What is expected:
From the data below, set down exactly the lines between the one holding "by (simp add: D_def s_def)" and the one holding "(* Let $\gamma\to_d\gamma'$", inclusive, and no others.

Listed records:
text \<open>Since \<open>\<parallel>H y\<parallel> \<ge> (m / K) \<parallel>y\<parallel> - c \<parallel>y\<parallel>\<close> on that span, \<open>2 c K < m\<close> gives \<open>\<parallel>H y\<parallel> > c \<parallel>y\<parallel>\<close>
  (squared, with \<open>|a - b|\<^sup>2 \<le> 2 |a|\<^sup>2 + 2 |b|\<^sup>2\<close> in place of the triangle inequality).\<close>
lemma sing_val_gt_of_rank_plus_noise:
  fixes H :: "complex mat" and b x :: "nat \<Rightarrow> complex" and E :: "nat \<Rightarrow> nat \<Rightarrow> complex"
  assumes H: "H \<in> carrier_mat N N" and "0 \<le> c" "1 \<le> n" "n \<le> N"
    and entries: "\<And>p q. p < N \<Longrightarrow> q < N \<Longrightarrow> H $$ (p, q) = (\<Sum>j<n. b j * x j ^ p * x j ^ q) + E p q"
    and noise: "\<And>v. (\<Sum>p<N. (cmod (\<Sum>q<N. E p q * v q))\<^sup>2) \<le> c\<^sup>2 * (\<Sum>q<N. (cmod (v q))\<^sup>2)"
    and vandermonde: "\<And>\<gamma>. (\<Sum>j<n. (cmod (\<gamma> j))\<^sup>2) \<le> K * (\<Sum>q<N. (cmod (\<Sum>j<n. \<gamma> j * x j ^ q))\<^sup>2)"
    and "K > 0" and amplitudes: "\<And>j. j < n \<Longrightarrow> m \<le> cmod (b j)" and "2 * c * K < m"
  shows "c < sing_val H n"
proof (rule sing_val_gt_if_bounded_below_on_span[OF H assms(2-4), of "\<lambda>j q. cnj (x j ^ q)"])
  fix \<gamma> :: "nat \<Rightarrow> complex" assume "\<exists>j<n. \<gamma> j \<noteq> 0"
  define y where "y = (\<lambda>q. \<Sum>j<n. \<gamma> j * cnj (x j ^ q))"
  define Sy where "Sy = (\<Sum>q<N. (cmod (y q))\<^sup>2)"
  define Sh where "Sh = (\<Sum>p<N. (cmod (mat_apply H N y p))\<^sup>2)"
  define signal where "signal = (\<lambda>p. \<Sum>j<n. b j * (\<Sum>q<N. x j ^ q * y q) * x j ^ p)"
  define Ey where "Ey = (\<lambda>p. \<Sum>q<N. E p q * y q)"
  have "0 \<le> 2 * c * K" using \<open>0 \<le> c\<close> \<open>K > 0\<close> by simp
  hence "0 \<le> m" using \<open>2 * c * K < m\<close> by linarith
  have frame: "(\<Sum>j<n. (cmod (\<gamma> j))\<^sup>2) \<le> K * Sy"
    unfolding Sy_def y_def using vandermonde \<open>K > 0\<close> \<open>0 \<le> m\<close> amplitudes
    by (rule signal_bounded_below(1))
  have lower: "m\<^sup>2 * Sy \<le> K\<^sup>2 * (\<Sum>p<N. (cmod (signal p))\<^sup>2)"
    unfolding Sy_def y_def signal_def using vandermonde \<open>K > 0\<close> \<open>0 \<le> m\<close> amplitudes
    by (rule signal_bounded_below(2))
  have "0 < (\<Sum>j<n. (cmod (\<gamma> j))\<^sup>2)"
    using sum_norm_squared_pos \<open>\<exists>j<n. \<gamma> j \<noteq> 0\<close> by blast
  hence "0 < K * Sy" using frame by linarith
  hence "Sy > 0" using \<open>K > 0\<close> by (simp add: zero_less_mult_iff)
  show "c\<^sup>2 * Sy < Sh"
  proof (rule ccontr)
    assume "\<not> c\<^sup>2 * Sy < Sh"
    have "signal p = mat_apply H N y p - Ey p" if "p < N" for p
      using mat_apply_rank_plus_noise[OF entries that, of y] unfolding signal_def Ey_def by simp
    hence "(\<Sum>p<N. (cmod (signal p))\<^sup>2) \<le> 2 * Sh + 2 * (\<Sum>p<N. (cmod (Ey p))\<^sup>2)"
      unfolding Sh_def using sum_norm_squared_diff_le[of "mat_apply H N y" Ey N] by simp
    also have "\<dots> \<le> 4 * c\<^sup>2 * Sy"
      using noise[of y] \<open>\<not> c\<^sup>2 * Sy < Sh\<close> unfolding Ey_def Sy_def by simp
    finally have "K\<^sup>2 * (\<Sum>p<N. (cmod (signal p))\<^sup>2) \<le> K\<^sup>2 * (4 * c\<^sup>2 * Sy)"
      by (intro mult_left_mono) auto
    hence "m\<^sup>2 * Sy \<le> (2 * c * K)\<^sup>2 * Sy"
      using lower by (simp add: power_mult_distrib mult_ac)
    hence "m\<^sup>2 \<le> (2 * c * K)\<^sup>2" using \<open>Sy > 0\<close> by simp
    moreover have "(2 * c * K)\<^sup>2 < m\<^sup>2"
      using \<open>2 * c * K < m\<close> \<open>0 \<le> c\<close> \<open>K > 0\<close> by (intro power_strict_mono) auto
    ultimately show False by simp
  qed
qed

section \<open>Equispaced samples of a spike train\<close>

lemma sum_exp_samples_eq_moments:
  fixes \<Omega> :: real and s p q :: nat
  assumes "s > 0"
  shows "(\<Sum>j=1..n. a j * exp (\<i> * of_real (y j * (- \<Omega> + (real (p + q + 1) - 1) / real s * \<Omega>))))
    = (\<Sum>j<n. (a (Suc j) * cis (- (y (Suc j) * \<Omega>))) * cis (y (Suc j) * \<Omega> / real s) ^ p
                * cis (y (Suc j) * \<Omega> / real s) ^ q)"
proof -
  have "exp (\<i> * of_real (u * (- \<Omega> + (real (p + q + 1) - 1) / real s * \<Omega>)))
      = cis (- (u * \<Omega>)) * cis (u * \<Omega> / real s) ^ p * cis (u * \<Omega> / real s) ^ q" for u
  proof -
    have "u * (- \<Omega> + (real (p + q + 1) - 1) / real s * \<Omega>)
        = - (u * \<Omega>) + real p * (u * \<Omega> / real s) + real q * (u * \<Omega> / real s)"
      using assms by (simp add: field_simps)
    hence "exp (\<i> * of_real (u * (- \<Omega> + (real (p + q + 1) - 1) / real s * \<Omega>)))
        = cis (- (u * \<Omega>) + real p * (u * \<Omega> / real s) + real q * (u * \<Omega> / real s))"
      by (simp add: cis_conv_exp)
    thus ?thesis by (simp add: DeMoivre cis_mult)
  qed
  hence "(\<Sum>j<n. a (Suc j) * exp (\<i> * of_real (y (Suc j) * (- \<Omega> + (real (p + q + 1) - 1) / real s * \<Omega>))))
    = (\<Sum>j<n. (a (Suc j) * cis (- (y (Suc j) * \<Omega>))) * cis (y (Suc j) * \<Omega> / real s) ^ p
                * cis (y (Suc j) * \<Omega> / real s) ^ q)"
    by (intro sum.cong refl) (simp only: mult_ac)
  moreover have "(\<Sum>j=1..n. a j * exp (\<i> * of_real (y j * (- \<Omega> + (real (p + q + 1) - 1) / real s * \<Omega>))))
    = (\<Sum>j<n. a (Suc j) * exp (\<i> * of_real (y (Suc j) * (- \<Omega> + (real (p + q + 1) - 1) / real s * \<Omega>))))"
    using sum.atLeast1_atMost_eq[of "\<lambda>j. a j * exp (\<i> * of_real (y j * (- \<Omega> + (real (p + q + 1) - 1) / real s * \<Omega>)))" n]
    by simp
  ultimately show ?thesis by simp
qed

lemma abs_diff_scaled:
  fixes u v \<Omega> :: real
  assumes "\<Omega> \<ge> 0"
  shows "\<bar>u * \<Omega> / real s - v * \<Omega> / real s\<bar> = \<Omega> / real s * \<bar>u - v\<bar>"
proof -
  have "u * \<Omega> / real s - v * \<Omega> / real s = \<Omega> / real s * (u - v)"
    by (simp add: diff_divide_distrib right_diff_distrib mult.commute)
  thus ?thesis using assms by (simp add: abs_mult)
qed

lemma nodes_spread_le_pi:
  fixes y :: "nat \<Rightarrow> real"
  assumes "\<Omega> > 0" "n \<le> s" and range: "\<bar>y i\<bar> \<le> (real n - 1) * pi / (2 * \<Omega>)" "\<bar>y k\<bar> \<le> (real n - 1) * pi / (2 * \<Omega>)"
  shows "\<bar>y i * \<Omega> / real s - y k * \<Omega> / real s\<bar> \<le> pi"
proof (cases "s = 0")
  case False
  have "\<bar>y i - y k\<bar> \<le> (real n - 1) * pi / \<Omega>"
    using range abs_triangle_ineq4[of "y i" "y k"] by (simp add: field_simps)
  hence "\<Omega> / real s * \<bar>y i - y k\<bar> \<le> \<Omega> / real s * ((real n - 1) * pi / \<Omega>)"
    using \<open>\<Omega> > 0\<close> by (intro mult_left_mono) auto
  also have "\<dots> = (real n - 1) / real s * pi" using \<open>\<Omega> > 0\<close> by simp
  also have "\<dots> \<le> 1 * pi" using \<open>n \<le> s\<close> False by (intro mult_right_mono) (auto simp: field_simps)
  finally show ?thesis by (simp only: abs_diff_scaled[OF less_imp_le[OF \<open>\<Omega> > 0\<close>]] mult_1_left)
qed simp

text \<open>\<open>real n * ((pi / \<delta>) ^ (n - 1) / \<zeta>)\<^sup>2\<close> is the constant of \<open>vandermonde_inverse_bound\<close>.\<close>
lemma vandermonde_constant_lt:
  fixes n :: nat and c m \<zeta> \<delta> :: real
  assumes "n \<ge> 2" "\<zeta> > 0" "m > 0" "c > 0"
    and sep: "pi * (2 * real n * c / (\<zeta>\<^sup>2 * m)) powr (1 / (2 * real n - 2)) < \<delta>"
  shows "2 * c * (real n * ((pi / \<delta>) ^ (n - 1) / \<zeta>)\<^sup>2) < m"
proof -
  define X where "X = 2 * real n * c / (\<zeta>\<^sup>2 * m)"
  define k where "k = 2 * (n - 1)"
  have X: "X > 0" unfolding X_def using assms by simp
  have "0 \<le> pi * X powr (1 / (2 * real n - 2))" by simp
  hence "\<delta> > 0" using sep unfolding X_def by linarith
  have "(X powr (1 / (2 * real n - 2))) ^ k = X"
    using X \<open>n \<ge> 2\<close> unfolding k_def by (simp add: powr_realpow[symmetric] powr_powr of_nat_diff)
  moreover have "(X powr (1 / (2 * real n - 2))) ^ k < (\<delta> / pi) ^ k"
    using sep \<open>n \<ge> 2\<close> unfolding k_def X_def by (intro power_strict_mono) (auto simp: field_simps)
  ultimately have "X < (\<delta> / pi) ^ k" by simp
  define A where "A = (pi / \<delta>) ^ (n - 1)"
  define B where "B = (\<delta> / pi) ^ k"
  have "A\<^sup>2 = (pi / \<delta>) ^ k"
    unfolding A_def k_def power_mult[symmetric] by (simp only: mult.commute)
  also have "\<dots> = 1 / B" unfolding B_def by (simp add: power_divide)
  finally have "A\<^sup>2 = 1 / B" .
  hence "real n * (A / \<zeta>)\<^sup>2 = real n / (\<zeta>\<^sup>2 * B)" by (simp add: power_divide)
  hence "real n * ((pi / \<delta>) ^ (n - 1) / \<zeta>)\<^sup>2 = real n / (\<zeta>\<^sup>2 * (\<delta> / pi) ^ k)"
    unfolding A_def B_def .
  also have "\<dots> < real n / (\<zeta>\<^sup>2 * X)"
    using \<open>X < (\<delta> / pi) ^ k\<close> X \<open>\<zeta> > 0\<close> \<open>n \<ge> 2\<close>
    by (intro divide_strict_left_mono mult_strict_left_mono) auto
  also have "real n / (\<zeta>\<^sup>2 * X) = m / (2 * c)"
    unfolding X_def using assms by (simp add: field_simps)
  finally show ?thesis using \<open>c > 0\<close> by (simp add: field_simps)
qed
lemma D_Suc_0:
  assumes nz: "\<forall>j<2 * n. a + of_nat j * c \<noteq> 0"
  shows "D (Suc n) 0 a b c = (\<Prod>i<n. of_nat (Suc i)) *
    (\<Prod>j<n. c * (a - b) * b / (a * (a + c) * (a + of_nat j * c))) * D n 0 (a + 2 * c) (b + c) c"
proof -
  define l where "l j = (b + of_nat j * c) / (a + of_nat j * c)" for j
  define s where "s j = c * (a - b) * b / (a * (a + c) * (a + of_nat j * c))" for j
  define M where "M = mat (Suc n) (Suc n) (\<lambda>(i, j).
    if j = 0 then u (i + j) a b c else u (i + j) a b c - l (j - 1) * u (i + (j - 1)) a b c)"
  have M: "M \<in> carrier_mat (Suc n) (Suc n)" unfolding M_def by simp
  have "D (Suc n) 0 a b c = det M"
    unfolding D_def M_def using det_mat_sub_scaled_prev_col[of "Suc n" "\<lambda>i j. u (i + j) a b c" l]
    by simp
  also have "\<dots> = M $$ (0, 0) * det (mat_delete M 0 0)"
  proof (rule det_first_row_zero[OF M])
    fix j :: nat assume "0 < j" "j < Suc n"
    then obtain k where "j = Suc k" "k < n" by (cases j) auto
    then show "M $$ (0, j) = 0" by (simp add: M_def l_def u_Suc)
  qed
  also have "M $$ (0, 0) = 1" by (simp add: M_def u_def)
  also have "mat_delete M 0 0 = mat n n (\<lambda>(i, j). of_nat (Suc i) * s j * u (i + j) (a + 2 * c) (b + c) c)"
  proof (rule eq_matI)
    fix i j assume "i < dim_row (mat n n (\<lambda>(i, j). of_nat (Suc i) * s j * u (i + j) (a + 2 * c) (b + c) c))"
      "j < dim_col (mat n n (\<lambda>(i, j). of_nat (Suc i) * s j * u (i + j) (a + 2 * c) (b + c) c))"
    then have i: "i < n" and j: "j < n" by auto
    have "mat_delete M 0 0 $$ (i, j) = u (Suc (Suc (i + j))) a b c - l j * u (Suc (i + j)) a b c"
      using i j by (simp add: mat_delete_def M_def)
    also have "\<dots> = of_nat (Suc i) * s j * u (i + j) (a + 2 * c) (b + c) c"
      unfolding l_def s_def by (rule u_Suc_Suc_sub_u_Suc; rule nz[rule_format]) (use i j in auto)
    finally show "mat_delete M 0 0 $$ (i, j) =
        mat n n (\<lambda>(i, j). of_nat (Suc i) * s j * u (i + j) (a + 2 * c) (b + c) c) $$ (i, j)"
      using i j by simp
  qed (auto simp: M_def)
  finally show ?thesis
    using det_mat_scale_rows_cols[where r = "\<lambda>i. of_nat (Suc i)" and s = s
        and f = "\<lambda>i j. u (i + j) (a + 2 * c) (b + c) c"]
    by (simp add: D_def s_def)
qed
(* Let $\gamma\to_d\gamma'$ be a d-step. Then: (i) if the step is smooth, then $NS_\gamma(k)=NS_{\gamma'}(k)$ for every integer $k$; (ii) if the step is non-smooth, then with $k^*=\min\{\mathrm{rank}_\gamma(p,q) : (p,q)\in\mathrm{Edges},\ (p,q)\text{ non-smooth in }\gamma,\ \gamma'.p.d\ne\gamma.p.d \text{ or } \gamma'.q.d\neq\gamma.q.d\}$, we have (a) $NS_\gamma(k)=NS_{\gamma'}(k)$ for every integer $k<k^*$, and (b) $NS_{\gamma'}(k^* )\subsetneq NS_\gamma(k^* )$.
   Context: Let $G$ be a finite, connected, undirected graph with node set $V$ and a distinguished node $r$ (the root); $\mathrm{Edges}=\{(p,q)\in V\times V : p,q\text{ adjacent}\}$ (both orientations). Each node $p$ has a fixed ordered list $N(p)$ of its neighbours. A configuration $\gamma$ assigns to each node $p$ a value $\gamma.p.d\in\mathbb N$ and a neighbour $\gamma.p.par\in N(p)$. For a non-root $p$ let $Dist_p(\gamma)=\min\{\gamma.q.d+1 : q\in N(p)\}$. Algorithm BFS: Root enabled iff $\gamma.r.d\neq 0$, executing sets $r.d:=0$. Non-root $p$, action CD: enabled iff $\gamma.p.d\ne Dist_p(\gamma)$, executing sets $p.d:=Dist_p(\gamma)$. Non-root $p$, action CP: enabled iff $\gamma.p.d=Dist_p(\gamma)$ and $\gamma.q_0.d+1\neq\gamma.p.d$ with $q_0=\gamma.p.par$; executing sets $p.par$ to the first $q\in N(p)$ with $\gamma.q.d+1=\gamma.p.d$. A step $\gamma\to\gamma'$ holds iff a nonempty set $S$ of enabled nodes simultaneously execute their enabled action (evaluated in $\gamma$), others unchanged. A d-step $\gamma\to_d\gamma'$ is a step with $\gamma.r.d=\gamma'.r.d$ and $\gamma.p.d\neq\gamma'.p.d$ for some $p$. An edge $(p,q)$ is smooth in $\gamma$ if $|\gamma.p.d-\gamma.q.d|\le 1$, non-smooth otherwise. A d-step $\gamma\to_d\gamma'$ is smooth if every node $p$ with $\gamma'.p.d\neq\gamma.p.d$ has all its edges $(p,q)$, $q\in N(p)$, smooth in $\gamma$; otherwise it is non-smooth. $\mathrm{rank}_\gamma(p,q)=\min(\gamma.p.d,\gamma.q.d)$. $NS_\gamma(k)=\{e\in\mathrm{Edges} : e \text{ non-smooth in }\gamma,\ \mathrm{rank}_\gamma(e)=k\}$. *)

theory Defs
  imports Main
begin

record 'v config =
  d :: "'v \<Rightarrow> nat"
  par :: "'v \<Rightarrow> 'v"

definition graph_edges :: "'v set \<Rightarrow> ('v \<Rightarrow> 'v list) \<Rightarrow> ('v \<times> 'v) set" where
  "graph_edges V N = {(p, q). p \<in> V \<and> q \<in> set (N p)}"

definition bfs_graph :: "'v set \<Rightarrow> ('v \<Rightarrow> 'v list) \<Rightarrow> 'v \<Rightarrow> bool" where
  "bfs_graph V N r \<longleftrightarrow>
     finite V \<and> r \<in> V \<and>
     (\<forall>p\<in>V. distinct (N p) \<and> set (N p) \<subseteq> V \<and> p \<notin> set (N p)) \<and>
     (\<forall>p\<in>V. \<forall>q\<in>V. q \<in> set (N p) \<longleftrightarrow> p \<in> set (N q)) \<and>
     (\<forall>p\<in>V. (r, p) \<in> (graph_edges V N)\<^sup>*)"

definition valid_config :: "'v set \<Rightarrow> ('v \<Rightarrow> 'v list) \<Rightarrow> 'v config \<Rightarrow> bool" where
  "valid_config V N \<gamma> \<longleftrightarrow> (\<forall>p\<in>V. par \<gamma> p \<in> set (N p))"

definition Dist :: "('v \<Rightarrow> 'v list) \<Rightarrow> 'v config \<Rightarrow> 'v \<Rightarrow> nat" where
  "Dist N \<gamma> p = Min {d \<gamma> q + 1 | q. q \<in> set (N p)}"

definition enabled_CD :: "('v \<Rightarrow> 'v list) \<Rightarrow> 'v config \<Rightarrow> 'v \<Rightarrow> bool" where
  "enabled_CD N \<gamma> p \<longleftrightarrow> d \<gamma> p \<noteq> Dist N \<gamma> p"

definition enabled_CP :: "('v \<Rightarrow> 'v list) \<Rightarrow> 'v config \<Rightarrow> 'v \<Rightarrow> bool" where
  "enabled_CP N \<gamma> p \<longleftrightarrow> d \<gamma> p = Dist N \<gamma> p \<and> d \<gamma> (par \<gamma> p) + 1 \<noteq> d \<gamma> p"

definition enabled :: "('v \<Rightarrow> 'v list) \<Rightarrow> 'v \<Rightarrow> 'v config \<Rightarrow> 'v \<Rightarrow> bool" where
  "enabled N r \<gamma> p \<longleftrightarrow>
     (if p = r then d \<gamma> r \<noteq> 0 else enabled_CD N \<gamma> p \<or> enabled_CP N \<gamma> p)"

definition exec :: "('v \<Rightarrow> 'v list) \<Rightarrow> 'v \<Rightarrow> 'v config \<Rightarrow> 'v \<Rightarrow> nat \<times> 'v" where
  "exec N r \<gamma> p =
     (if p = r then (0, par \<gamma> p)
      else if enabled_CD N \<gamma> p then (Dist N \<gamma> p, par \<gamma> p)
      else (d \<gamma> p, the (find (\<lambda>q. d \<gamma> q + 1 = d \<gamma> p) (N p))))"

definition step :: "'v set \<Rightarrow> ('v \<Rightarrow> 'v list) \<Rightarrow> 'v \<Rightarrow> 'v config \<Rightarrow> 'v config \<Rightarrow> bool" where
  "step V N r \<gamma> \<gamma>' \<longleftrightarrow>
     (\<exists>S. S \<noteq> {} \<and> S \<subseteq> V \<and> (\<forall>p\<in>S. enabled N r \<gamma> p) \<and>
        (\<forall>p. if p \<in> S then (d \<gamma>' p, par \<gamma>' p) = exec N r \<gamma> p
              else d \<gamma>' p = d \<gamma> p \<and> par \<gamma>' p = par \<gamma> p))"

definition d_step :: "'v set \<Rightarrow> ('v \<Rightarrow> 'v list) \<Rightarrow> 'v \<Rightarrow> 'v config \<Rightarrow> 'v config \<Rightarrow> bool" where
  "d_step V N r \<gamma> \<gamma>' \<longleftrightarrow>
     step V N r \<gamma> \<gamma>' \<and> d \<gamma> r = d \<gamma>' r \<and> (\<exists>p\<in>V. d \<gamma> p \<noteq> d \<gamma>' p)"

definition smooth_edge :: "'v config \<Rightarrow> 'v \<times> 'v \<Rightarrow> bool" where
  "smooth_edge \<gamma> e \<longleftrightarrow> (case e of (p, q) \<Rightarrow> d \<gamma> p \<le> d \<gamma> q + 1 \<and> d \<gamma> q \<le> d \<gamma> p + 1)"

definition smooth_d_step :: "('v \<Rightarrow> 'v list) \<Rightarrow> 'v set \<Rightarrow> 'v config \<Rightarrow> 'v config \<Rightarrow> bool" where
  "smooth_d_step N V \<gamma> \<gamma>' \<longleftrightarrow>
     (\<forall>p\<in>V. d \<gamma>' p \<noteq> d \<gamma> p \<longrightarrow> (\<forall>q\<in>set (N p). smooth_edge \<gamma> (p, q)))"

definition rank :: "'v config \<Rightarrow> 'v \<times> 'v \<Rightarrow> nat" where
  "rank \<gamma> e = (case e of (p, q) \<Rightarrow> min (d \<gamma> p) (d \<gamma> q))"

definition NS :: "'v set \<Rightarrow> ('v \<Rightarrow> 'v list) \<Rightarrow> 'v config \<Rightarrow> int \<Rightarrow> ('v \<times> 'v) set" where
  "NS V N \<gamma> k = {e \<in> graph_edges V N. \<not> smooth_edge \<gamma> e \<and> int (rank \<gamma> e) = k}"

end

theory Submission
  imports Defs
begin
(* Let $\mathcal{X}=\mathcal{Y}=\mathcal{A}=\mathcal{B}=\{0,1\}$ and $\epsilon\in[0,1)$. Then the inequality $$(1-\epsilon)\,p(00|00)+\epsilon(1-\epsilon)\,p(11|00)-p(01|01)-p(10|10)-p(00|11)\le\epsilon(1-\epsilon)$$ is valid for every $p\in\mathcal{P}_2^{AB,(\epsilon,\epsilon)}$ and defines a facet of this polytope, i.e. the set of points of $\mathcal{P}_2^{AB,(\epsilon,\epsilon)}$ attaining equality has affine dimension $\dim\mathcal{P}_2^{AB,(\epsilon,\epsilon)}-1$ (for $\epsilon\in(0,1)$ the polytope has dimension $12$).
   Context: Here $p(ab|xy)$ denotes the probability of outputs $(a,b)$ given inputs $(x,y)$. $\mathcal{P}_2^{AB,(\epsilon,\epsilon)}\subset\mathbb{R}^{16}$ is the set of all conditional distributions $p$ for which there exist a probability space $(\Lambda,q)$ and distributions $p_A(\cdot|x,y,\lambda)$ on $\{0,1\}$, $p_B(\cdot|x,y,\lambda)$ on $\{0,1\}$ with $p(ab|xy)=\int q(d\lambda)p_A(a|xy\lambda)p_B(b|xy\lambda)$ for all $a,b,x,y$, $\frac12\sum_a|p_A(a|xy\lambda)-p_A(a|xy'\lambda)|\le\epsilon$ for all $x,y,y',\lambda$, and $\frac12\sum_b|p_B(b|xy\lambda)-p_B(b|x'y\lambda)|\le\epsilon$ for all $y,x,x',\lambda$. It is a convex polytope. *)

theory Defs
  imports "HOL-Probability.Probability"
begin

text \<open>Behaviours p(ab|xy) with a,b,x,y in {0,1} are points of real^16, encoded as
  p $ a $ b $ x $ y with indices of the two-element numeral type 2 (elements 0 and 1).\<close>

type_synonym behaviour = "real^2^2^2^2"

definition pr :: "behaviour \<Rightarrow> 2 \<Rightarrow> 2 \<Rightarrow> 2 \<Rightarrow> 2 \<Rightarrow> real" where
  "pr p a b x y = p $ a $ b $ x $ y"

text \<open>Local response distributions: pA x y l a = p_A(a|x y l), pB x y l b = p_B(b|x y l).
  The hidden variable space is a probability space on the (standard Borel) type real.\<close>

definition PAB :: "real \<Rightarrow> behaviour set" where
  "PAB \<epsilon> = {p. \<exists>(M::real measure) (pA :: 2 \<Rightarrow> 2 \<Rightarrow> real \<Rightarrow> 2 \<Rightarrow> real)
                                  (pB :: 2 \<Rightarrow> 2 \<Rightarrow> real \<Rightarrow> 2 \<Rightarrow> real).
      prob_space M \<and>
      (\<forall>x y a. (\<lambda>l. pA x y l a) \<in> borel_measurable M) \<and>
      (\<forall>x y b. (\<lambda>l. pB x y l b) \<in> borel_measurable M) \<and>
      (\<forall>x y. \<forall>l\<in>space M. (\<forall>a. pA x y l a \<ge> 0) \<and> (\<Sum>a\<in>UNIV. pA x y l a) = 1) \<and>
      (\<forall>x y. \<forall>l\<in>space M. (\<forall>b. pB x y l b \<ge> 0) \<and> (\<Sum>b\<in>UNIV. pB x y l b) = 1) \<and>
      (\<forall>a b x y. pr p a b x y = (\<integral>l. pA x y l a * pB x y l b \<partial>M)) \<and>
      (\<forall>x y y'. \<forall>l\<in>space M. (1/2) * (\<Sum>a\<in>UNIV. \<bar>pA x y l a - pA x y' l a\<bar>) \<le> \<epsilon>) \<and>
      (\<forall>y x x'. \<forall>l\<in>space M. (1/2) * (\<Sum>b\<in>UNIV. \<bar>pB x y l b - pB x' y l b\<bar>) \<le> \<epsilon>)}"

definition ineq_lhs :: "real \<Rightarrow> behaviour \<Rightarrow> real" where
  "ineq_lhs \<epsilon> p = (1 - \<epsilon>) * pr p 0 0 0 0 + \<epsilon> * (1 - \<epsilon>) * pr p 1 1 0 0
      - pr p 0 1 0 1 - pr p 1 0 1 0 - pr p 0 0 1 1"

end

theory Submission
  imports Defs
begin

Exercise response:
    by (simp add: D_def s_def)
qed
(* Let $\gamma\to_d\gamma'$ be a d-step. Then: (i) if the step is smooth, then $NS_\gamma(k)=NS_{\gamma'}(k)$ for every integer $k$; (ii) if the step is non-smooth, then with $k^*=\min\{\mathrm{rank}_\gamma(p,q) : (p,q)\in\mathrm{Edges},\ (p,q)\text{ non-smooth in }\gamma,\ \gamma'.p.d\ne\gamma.p.d \text{ or } \gamma'.q.d\neq\gamma.q.d\}$, we have (a) $NS_\gamma(k)=NS_{\gamma'}(k)$ for every integer $k<k^*$, and (b) $NS_{\gamma'}(k^* )\subsetneq NS_\gamma(k^* )$.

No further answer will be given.